OMG!! Today I had the biggest fashion dilemma EVER in the history of the WORLD!!!
The week had been unbelievably HOT and our A/C broke. Mom and Dad said it wasn’t “ecologically responsible” to drive around and around in the car with the A/C on. I was SO HOT I would have even been okay driving in Dad’s roach-mobile!!
But noooo, suddenly my parents were environmentalists or something!
So when my mom suggested we go to the community pool, I ignored the reasons I usually say no. (Overcrowded, screaming toddlers and pee in the pool, to start.) I said fine and Brianna danced around so much I got hotter just looking at her.
But when I went to grab my swimsuit, I couldn’t find it!! I searched EVERYWHERE!!
It wasn’t in my drawers or my closet. It wasn’t under my bed. It wasn’t in the laundry room.
“Tick tock, Nikki,” my mom said, when I asked her if she’d seen it. “If we don’t get there early, we won’t get in.”
I tried to remember the last time I’d worn my bathing suit, but I couldn’t!

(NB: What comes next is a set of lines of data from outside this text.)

lemma continuous_on_finite_local_choice:
  fixes g :: "'a::topological_space \<Rightarrow> 'b::topological_space"
  assumes "finite F"
    and cont: "\<And>\<sigma>. \<sigma> \<in> F \<Longrightarrow> continuous_on A (f \<sigma>)"
    and choice: "\<And>x\<^sub>0. x\<^sub>0 \<in> A \<Longrightarrow>
      \<forall>\<^sub>F x in at x\<^sub>0 within A. \<exists>\<sigma>\<in>F. g x = f \<sigma> x \<and> g x\<^sub>0 = f \<sigma> x\<^sub>0"
  shows "continuous_on A g"
  unfolding continuous_on_def
proof (intro ballI topological_tendstoI)
  fix x\<^sub>0 U
  assume x\<^sub>0: "x\<^sub>0 \<in> A" and U: "open U" "g x\<^sub>0 \<in> U"
  have "\<forall>\<^sub>F x in at x\<^sub>0 within A. \<forall>\<sigma>\<in>{\<sigma>\<in>F. f \<sigma> x\<^sub>0 = g x\<^sub>0}. f \<sigma> x \<in> U"
  proof (rule eventually_ball_finite, use \<open>finite F\<close> in simp, intro ballI)
    fix \<sigma> assume \<sigma>: "\<sigma> \<in> {\<sigma>\<in>F. f \<sigma> x\<^sub>0 = g x\<^sub>0}"
    then have "(f \<sigma> \<longlongrightarrow> f \<sigma> x\<^sub>0) (at x\<^sub>0 within A)"
      using cont x\<^sub>0 unfolding continuous_on_def by blast
    then show "\<forall>\<^sub>F x in at x\<^sub>0 within A. f \<sigma> x \<in> U"
      using U \<sigma> by (auto elim: topological_tendstoD)
  qed
  with choice[OF x\<^sub>0] show "\<forall>\<^sub>F x in at x\<^sub>0 within A. g x \<in> U"
    by eventually_elim auto
qed
(* In the setting of problem (P) under the standing assumptions, run Algorithm LCPG. Then: (1) the sequence $\{x^k\}$ is well defined (each subproblem has a nonempty feasible set intersected with $\mathrm{dom}\,\chi_0$), every $x^k$ is feasible for (P), and for every $k\ge0$ $$\tfrac{L_0}{2}\|x^{k+1}-x^k\|^2\le\psi_0(x^k)-\psi_0(x^{k+1});$$ in particular $\{\psi_0(x^k)\}$ is monotonically nonincreasing and $\lim_{k\to\infty}\psi_0(x^k)$ exists. (2) For every $k$ there exists a Lagrange multiplier $\lambda^{k+1}\in\mathbb{R}^m_+$ of the $k$-th subproblem.
   Context: Problem (P): minimize $\psi_0(x):=f_0(x)+\chi_0(x)$ over $x\in\mathbb{R}^d$ subject to $\psi_i(x):=f_i(x)+\chi_i(x)\le\eta_i$, $i\in[m]:=\{1,\dots,m\}$. Standing assumptions: $\chi_0$ is proper, convex, lower semicontinuous; each $\chi_i$ ($i\in[m]$) is convex and continuous on $\mathrm{dom}\,\chi_0$; each $f_i$ ($i=0,\dots,m$) is differentiable with $L_i$-Lipschitz gradient on $\mathrm{dom}\,\chi_0$; $L:=(L_1,\dots,L_m)^\top$; the optimal value $\psi_0^*$ of (P) is finite; the feasible set $\mathcal{X}:=\{x\in\mathrm{dom}\,\chi_0:\psi_i(x)\le\eta_i,\ i\in[m]\}$ is nonempty and compact. Write $\psi=(\psi_1,\dots,\psi_m)^\top$, $\eta=(\eta_1,\dots,\eta_m)^\top$; vector inequalities are componentwise. Subdifferential: $\partial\psi_i(x):=\nabla f_i(x)+\partial\chi_i(x)$ (convex subdifferential of $\chi_i$, Minkowski sum). Lagrangian $\mathcal{L}(x,\lambda)=\psi_0(x)+\sum_{i=1}^m\lambda_i(\psi_i(x)-\eta_i)$ and $\partial_x\mathcal{L}(x,\lambda):=\partial\psi_0(x)+\sum_i\lambda_i\partial\psi_i(x)$. For a set $S$, $\|S\|_-:=\inf\{\|s\|:s\in S\}$. Algorithm LCPG: given $x^0\in\mathrm{dom}\,\chi_0$ and $\eta^0\in\mathbb{R}^m$ with $\psi(x^0)<\eta^0<\eta$. For $k=0,1,\dots$: define for $i=0,\dots,m$ the function $\psi_i^k(x):=f_i(x^k)+\langle\nabla f_i(x^k),x-x^k\rangle+\frac{L_i}{2}\|x-x^k\|^2+\chi_i(x)$; let $x^{k+1}$ be the minimizer of $\psi_0^k(x)$ subject to $\psi_i^k(x)\le\eta_i^k$, $i\in[m]$ (the $k$-th subproblem); set $\eta^{k+1}=\eta^k+\delta^k$ with $\delta^k\in\mathbb{R}^m$, $\delta^k>0$, chosen so that $\eta^{k+1}<\eta$. A vector $\lambda^{k+1}\in\mathbb{R}^m_+$ is a Lagrange multiplier of the $k$-th subproblem if $0\in\partial\psi_0^k(x^{k+1})+\sum_i\lambda_i^{k+1}\partial\psi_i^k(x^{k+1})$ and $\lambda_i^{k+1}(\psi_i^k(x^{k+1})-\eta_i^k)=0$ for all $i\in[m]$, where $\partial\psi_i^k(x)=\nabla f_i(x^k)+L_i(x-x^k)+\partial\chi_i(x)$. *)

theory Defs
  imports "HOL-Analysis.Analysis"
begin

definition edom :: "('a \<Rightarrow> ereal) \<Rightarrow> 'a set" where
  "edom h = {x. h x \<noteq> \<infinity>}"

definition proper_fun :: "('a \<Rightarrow> ereal) \<Rightarrow> bool" where
  "proper_fun h \<longleftrightarrow> (\<forall>x. h x \<noteq> -\<infinity>) \<and> edom h \<noteq> {}"

definition econvex :: "('a::real_vector \<Rightarrow> ereal) \<Rightarrow> bool" where
  "econvex h \<longleftrightarrow> convex (edom h) \<and> convex_on (edom h) (\<lambda>x. real_of_ereal (h x))"

definition elsc :: "('a::topological_space \<Rightarrow> ereal) \<Rightarrow> bool" where
  "elsc h \<longleftrightarrow> (\<forall>c::ereal. closed {x. h x \<le> c})"

definition esubdiff :: "('a::real_inner \<Rightarrow> ereal) \<Rightarrow> 'a \<Rightarrow> 'a set" where
  "esubdiff h x = {g. \<forall>y. h x + ereal (g \<bullet> (y - x)) \<le> h y}"

definition psi0 :: "(nat \<Rightarrow> 'a \<Rightarrow> real) \<Rightarrow> ('a \<Rightarrow> ereal) \<Rightarrow> 'a \<Rightarrow> ereal" where
  "psi0 f chi0 x = ereal (f 0 x) + chi0 x"

definition psi :: "(nat \<Rightarrow> 'a \<Rightarrow> real) \<Rightarrow> (nat \<Rightarrow> 'a \<Rightarrow> real) \<Rightarrow> nat \<Rightarrow> 'a \<Rightarrow> real" where
  "psi f chi i x = f i x + chi i x"

definition feas_set ::
  "(nat \<Rightarrow> 'a \<Rightarrow> real) \<Rightarrow> ('a \<Rightarrow> ereal) \<Rightarrow> (nat \<Rightarrow> 'a \<Rightarrow> real) \<Rightarrow> (nat \<Rightarrow> real) \<Rightarrow> nat \<Rightarrow> 'a set" where
  "feas_set f chi0 chi eta m = {x \<in> edom chi0. \<forall>i\<in>{1..m}. psi f chi i x \<le> eta i}"

definition qmodel ::
  "(nat \<Rightarrow> 'a::real_inner \<Rightarrow> real) \<Rightarrow> (nat \<Rightarrow> 'a \<Rightarrow> 'a) \<Rightarrow> (nat \<Rightarrow> real) \<Rightarrow> 'a \<Rightarrow> nat \<Rightarrow> 'a \<Rightarrow> real" where
  "qmodel f gradf L xk i x = f i xk + gradf i xk \<bullet> (x - xk) + L i / 2 * (norm (x - xk))\<^sup>2"

definition psi0k ::
  "(nat \<Rightarrow> 'a::real_inner \<Rightarrow> real) \<Rightarrow> (nat \<Rightarrow> 'a \<Rightarrow> 'a) \<Rightarrow> (nat \<Rightarrow> real) \<Rightarrow> ('a \<Rightarrow> ereal) \<Rightarrow> 'a \<Rightarrow> 'a \<Rightarrow> ereal" where
  "psi0k f gradf L chi0 xk x = ereal (qmodel f gradf L xk 0 x) + chi0 x"

definition psik ::
  "(nat \<Rightarrow> 'a::real_inner \<Rightarrow> real) \<Rightarrow> (nat \<Rightarrow> 'a \<Rightarrow> 'a) \<Rightarrow> (nat \<Rightarrow> real) \<Rightarrow> (nat \<Rightarrow> 'a \<Rightarrow> real) \<Rightarrow> 'a \<Rightarrow> nat \<Rightarrow> 'a \<Rightarrow> real" where
  "psik f gradf L chi xk i x = qmodel f gradf L xk i x + chi i x"

definition sub_feas ::
  "(nat \<Rightarrow> 'a::real_inner \<Rightarrow> real) \<Rightarrow> (nat \<Rightarrow> 'a \<Rightarrow> 'a) \<Rightarrow> (nat \<Rightarrow> real) \<Rightarrow> ('a \<Rightarrow> ereal) \<Rightarrow>
    (nat \<Rightarrow> 'a \<Rightarrow> real) \<Rightarrow> nat \<Rightarrow> 'a \<Rightarrow> (nat \<Rightarrow> real) \<Rightarrow> 'a set" where
  "sub_feas f gradf L chi0 chi m xk etak =
     {z \<in> edom chi0. \<forall>i\<in>{1..m}. psik f gradf L chi xk i z \<le> etak i}"

definition sub_min ::
  "(nat \<Rightarrow> 'a::real_inner \<Rightarrow> real) \<Rightarrow> (nat \<Rightarrow> 'a \<Rightarrow> 'a) \<Rightarrow> (nat \<Rightarrow> real) \<Rightarrow> ('a \<Rightarrow> ereal) \<Rightarrow>
    (nat \<Rightarrow> 'a \<Rightarrow> real) \<Rightarrow> nat \<Rightarrow> 'a \<Rightarrow> (nat \<Rightarrow> real) \<Rightarrow> 'a \<Rightarrow> bool" where
  "sub_min f gradf L chi0 chi m xk etak z \<longleftrightarrow>
     z \<in> sub_feas f gradf L chi0 chi m xk etak \<and>
     (\<forall>y \<in> sub_feas f gradf L chi0 chi m xk etak.
        psi0k f gradf L chi0 xk z \<le> psi0k f gradf L chi0 xk y)"

text \<open>lam is a Lagrange multiplier of the subproblem (centre xk, levels etak) at its solution z:
  lam \<ge> 0, 0 \<in> d psi_0^k(z) + sum_i lam_i d psi_i^k(z) (Minkowski sum, unfolded via a
  choice of subgradients g_i), and complementary slackness.\<close>
definition sub_multiplier ::
  "(nat \<Rightarrow> 'a::real_inner \<Rightarrow> real) \<Rightarrow> (nat \<Rightarrow> 'a \<Rightarrow> 'a) \<Rightarrow> (nat \<Rightarrow> real) \<Rightarrow> ('a \<Rightarrow> ereal) \<Rightarrow>
    (nat \<Rightarrow> 'a \<Rightarrow> real) \<Rightarrow> nat \<Rightarrow> 'a \<Rightarrow> (nat \<Rightarrow> real) \<Rightarrow> 'a \<Rightarrow> (nat \<Rightarrow> real) \<Rightarrow> bool" where
  "sub_multiplier f gradf L chi0 chi m xk etak z lam \<longleftrightarrow>
     (\<forall>i\<in>{1..m}. 0 \<le> lam i) \<and>
     (\<exists>g0 \<in> esubdiff chi0 z. \<exists>g. (\<forall>i\<in>{1..m}. g i \<in> esubdiff (\<lambda>y. ereal (chi i y)) z) \<and>
        (gradf 0 xk + L 0 *\<^sub>R (z - xk) + g0)
        + (\<Sum>i\<in>{1..m}. lam i *\<^sub>R (gradf i xk + L i *\<^sub>R (z - xk) + g i)) = 0) \<and>
     (\<forall>i\<in>{1..m}. lam i * (psik f gradf L chi xk i z - etak i) = 0)"

end

theory Submission
  imports Defs
begin

text \<open>
  By the descent lemma the model \<psi>_i^k majorizes \<psi>_i on dom \<chi>_0 and agrees with it at
  x^k. Hence the feasible set of the k-th subproblem lies in the compact feasible set
  of (P), and as long as \<psi>(x^k) < \<eta>^k it contains x^k; a minimizer exists by lower
  semicontinuity, it satisfies \<psi>(x^{k+1}) \<le> \<eta>^k < \<eta>^{k+1}, and the invariant
  propagates. The subproblem objective is a quadratic of curvature L_0 plus a convex
  function, so its minimizer satisfies the three-point inequality, which at x^k is the
  sufficient decrease. Finally x^k is a Slater point of the convex subproblem, so convex
  duality yields multipliers for which x^{k+1} minimizes the Lagrangian over dom \<chi>_0;
  linearizing its smooth part and splitting the subdifferential of the remaining convex
  sum by a separating hyperplane gives the KKT conditions.
\<close>

lemma le_of_le_add_scaled:
  fixes a b c :: real
  assumes "\<And>t. 0 < t \<Longrightarrow> t \<le> 1 \<Longrightarrow> a \<le> b + t * c"
  shows "a \<le> b"
proof (rule tendsto_lowerbound)
  show "((\<lambda>t. b + t * c) \<longlongrightarrow> b) (at_right 0)"
    by (auto intro!: tendsto_eq_intros)
  show "\<forall>\<^sub>F t in at_right 0. a \<le> b + t * c"
    using eventually_at_right_real[of 0 1] by (rule eventually_mono) (use assms in auto)
qed simp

“You can wear one of mine,” my mom said.
I almost DIED. First of all, one of my mom’s suits would NOT fit me. And even if they would, they’d be way too old lady! (No offense to my mom. But she’s not exactly a fashion icon.)
I was searching through the very back of my closet when my mom appeared in my doorway. “I’ve had this since before I had kids,” she said, with a sort of faraway look in her eyes. “I always hoped it would fit me again, but somehow I don’t think so.”
She tossed it on my bed and snapped, “Now, hurry up and let’s go.” I was almost afraid to look. But I was also sweating through my shorts and tank top. A swimming pool sounded like heaven right about then…
OMG. My mom’s suit was leopard print…but not regular, like black and tan, leopard. It was NEON pink and NEON green leopard print!
Things only got more confusing from there. I couldn’t figure out whether it was a one-piece or a two-piece. It all held together in one piece when I picked it up, but there were way more holes than I knew what to do with.
When I finally got it on, I stared in horror at the mirror. It fit…I guess? But it was like the bathing suit couldn’t decide whether it wanted to be a one-piece or a two-piece. It was all connected like a one piece, but it had this giant cutout in the stomach and the middle of the back. The 1980’s had come to haunt me and I would be forever scarred.
“Yikes,” Brianna said from the doorway.
I almost went over and slammed the door in her face, but she was holding out a suit, too. For a second I thought maybe she’d found mine.
“You can wear this one,” she said. “I stretched it out too much playing tug of war with Daisy.”
I sighed. It couldn’t be worse than Mom’s Technicolor leopard monstrosity. Could it?
I put it on and…it depends how you define worse. It was a little tight. And faded. And linty. And it had My Little Ponies all over it. Plus a ruffle on the butt.
I only had a minute to decide, because by this time, Mom was honking from the driveway.
I grabbed my towel and headed for the door. I figured it was sort of…retro? In a better way than Mom’s suit, which was ACTUALLY retro.
So, now we’re in the car on the way to the pool and I’m just keeping my fingers crossed I don’t see ANYONE I know!!! Otherwise, I’m going to be known as Pony Ruffle Butt forever!!